Stored items:
..............................

definition compact_svd :: "real mat \<Rightarrow> real mat \<Rightarrow> real mat \<Rightarrow> real mat \<Rightarrow> bool" where
  "compact_svd X U S V \<longleftrightarrow>
     (let m = dim_row X; n = dim_col X; r = dim_col U in
       U \<in> carrier_mat m r \<and> S \<in> carrier_mat r r \<and> V \<in> carrier_mat n r \<and>
       transpose_mat U * U = 1\<^sub>m r \<and> transpose_mat V * V = 1\<^sub>m r \<and>
       diagonal_mat S \<and> (\<forall>i<r. S $$ (i, i) > 0) \<and>
       X = U * S * transpose_mat V)"

definition distinct_sv :: "real mat \<Rightarrow> bool" where
  "distinct_sv S \<longleftrightarrow> (\<forall>i<dim_row S. \<forall>j<dim_row S. i \<noteq> j \<longrightarrow> S $$ (i, i) \<noteq> S $$ (j, j))"

end

(*
  For a compact SVD X = U S V^T we have X X^T = U S^2 U^T: the columns of U are eigenvectors of
  X X^T with positive eigenvalues, vectors orthogonal to all of them lie in its kernel, and if the
  singular values are distinct, every unit eigenvector with nonzero eigenvalue is +/- a column of U.
  The Gram matrix of (X1 X2) is X1 X1^T + X2 X2^T.  A column u of U1 is an eigenvector of X2 X2^T
  as well: either u is also a column of U2, or u is orthogonal to every column of U2 (to the shared
  ones by orthonormality of U1, to the others by hypothesis).  So u is a unit eigenvector of the
  Gram matrix of (X1 X2) with positive eigenvalue, hence +/- a column of U.
*)

theory Submission
  imports Defs
begin

lemma diagonal_mat_row:
  fixes D :: "'a::semiring_1 mat"
  assumes "D \<in> carrier_mat n n" "diagonal_mat D" "k < n"
  shows "row D k = D $$ (k, k) \<cdot>\<^sub>v unit_vec n k"
  using assms unfolding diagonal_mat_def by (intro eq_vecI) auto

lemma diagonal_mat_mult_vec_index:
  fixes D :: "'a::comm_semiring_1 mat"
  assumes "D \<in> carrier_mat n n" "diagonal_mat D" "y \<in> carrier_vec n" "k < n"
  shows "(D *\<^sub>v y) $ k = D $$ (k, k) * y $ k"
  using assms by (simp add: diagonal_mat_row)

lemma diagonal_mat_mult_index:
  fixes A B :: "'a::comm_semiring_1 mat"
  assumes "A \<in> carrier_mat n n" "diagonal_mat A" "B \<in> carrier_mat n n" "i < n" "j < n"
  shows "(A * B) $$ (i, j) = A $$ (i, i) * B $$ (i, j)"
  using assms by (simp add: diagonal_mat_row)

lemma diagonal_mat_mult:
  fixes A B :: "'a::comm_semiring_1 mat"
  assumes "A \<in> carrier_mat n n" "diagonal_mat A" "B \<in> carrier_mat n n" "diagonal_mat B"
  shows "diagonal_mat (A * B)"
  unfolding diagonal_mat_def
proof (intro allI impI)
  fix i j assume "i < dim_row (A * B)" "j < dim_col (A * B)" "i \<noteq> j"
  then show "(A * B) $$ (i, j) = 0"
    using assms diagonal_mat_mult_index[OF assms(1-3)] by (auto simp: diagonal_mat_def)
qed

lemma diagonal_mat_transpose:
  assumes "D \<in> carrier_mat n n" "diagonal_mat D"
  shows "transpose_mat D = D"
  using assms unfolding diagonal_mat_def by (intro eq_matI) (auto, metis)

lemma diagonal_mat_eigenvector_unit_vec:
  fixes D :: "'a::idom mat"
  assumes D: "D \<in> carrier_mat r r" "diagonal_mat D"
    and distinct: "\<And>k l. k < r \<Longrightarrow> l < r \<Longrightarrow> k \<noteq> l \<Longrightarrow> D $$ (k, k) \<noteq> D $$ (l, l)"
    and w: "w \<in> carrier_vec r" "w \<noteq> 0\<^sub>v r"
    and eig: "D *\<^sub>v w = lam \<cdot>\<^sub>v w"
  obtains k where "k < r" "w = w $ k \<cdot>\<^sub>v unit_vec r k"
proof -
  have eigenvalue: "D $$ (k, k) = lam" if "k < r" "w $ k \<noteq> 0" for k
  proof -
    have "D $$ (k, k) * w $ k = (D *\<^sub>v w) $ k"
      using diagonal_mat_mult_vec_index[OF D w(1) that(1)] by simp
    also have "\<dots> = lam * w $ k"
      using eig w that by simp
    finally show ?thesis
      using that by simp
  qed
  obtain k where k: "k < r" "w $ k \<noteq> 0"
    using w by (metis eq_vecI carrier_vecD index_zero_vec)
  have "w $ l = 0" if "l < r" "l \<noteq> k" for l
    using eigenvalue distinct k that by metis
  then have "w = w $ k \<cdot>\<^sub>v unit_vec r k"
    using w k by (intro eq_vecI) auto
  then show thesis using k(1) that by blast
qed

lemma mult_mat_vec_assoc3:
  assumes "A \<in> carrier_mat n\<^sub>1 n\<^sub>2" "B \<in> carrier_mat n\<^sub>2 n\<^sub>3" "C \<in> carrier_mat n\<^sub>3 n\<^sub>4"
    "v \<in> carrier_vec n\<^sub>4"
  shows "(A * B * C) *\<^sub>v v = A *\<^sub>v (B *\<^sub>v (C *\<^sub>v v))"
proof -
  have "(A * B * C) *\<^sub>v v = (A * B) *\<^sub>v (C *\<^sub>v v)"
    using assms by (intro assoc_mult_mat_vec[of _ n\<^sub>1 n\<^sub>3]) auto
  also have "\<dots> = A *\<^sub>v (B *\<^sub>v (C *\<^sub>v v))"
    using assms by (intro assoc_mult_mat_vec[of _ n\<^sub>1 n\<^sub>2]) auto
  finally show ?thesis .
qed

lemma orthonormal_cols_scalar_prod:
  fixes U :: "'a::comm_semiring_1 mat"
  assumes "U \<in> carrier_mat m r" "transpose_mat U * U = 1\<^sub>m r" "k < r" "l < r"
  shows "col U k \<bullet> col U l = (if k = l then 1 else 0)"
proof -
  have "col U k \<bullet> col U l = (transpose_mat U * U) $$ (k, l)"
    using assms(1,3,4) by simp
  also have "\<dots> = 1\<^sub>m r $$ (k, l)"
    by (simp only: assms(2))
  finally show ?thesis using assms by simp
qed

lemma mult_mat_vec_unit_vec:
  fixes U :: "'a::semiring_1 mat"
  assumes "U \<in> carrier_mat m r" "k < r"
  shows "U *\<^sub>v unit_vec r k = col U k"
  using assms by (intro eq_vecI) auto

lemma orthonormal_cols_transpose_mult_col:
  fixes U :: "'a::comm_semiring_1 mat"
  assumes "U \<in> carrier_mat m r" "transpose_mat U * U = 1\<^sub>m r" "k < r"
  shows "transpose_mat U *\<^sub>v col U k = unit_vec r k"
  using col_mult2[of "transpose_mat U" r m U r k] assms by simp

lemma orthonormal_diag_mult_col:
  fixes U D :: "'a::field mat"
  assumes U: "U \<in> carrier_mat m r" "transpose_mat U * U = 1\<^sub>m r"
    and D: "D \<in> carrier_mat r r" "diagonal_mat D" and k: "k < r"
  shows "(U * D * transpose_mat U) *\<^sub>v col U k = D $$ (k, k) \<cdot>\<^sub>v col U k"
proof -
  have "D *\<^sub>v unit_vec r k = D $$ (k, k) \<cdot>\<^sub>v unit_vec r k"
    using D k by (intro eq_vecI) (auto simp: diagonal_mat_row)
  then have "(U * D * transpose_mat U) *\<^sub>v col U k = U *\<^sub>v (D $$ (k, k) \<cdot>\<^sub>v unit_vec r k)"
    using U D k by (simp add: mult_mat_vec_assoc3[of _ m r _ r _ m] orthonormal_cols_transpose_mult_col
        del: assoc_mult_mat)
  also have "\<dots> = D $$ (k, k) \<cdot>\<^sub>v col U k"
    using U k by (simp add: mult_mat_vec mult_mat_vec_unit_vec)
  finally show ?thesis .
qed

lemma orthonormal_diag_mult_orthogonal:
  fixes U D :: "'a::comm_semiring_1 mat"
  assumes U: "U \<in> carrier_mat m r" and D: "D \<in> carrier_mat r r"
    and u: "u \<in> carrier_vec m" and orth: "\<And>k. k < r \<Longrightarrow> col U k \<bullet> u = 0"
  shows "(U * D * transpose_mat U) *\<^sub>v u = 0\<^sub>v m"
proof -
  have "transpose_mat U *\<^sub>v u = 0\<^sub>v r"
    using U orth by (intro eq_vecI) auto
  moreover have "M *\<^sub>v 0\<^sub>v n = 0\<^sub>v (dim_row M)" for M :: "'a mat" and n
    by (intro eq_vecI) (auto simp: scalar_prod_def)
  ultimately show ?thesis
    using U D u by (simp add: mult_mat_vec_assoc3[of _ m r _ r _ m] del: assoc_mult_mat)
qed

..............................

§ **What to do**: What you return must be the lines above that run from the line with "(D *\<^sub>v w)" to the line with "l = (transpose_mat", inclusive, each copied exactly.

§ **Answer section**:
    have "D $$ (k, k) * w $ k = (D *\<^sub>v w) $ k"
      using diagonal_mat_mult_vec_index[OF D w(1) that(1)] by simp
    also have "\<dots> = lam * w $ k"
      using eig w that by simp
    finally show ?thesis
      using that by simp
  qed
  obtain k where k: "k < r" "w $ k \<noteq> 0"
    using w by (metis eq_vecI carrier_vecD index_zero_vec)
  have "w $ l = 0" if "l < r" "l \<noteq> k" for l
    using eigenvalue distinct k that by metis
  then have "w = w $ k \<cdot>\<^sub>v unit_vec r k"
    using w k by (intro eq_vecI) auto
  then show thesis using k(1) that by blast
qed

lemma mult_mat_vec_assoc3:
  assumes "A \<in> carrier_mat n\<^sub>1 n\<^sub>2" "B \<in> carrier_mat n\<^sub>2 n\<^sub>3" "C \<in> carrier_mat n\<^sub>3 n\<^sub>4"
    "v \<in> carrier_vec n\<^sub>4"
  shows "(A * B * C) *\<^sub>v v = A *\<^sub>v (B *\<^sub>v (C *\<^sub>v v))"
proof -
  have "(A * B * C) *\<^sub>v v = (A * B) *\<^sub>v (C *\<^sub>v v)"
    using assms by (intro assoc_mult_mat_vec[of _ n\<^sub>1 n\<^sub>3]) auto
  also have "\<dots> = A *\<^sub>v (B *\<^sub>v (C *\<^sub>v v))"
    using assms by (intro assoc_mult_mat_vec[of _ n\<^sub>1 n\<^sub>2]) auto
  finally show ?thesis .
qed

lemma orthonormal_cols_scalar_prod:
  fixes U :: "'a::comm_semiring_1 mat"
  assumes "U \<in> carrier_mat m r" "transpose_mat U * U = 1\<^sub>m r" "k < r" "l < r"
  shows "col U k \<bullet> col U l = (if k = l then 1 else 0)"
proof -
  have "col U k \<bullet> col U l = (transpose_mat U * U) $$ (k, l)"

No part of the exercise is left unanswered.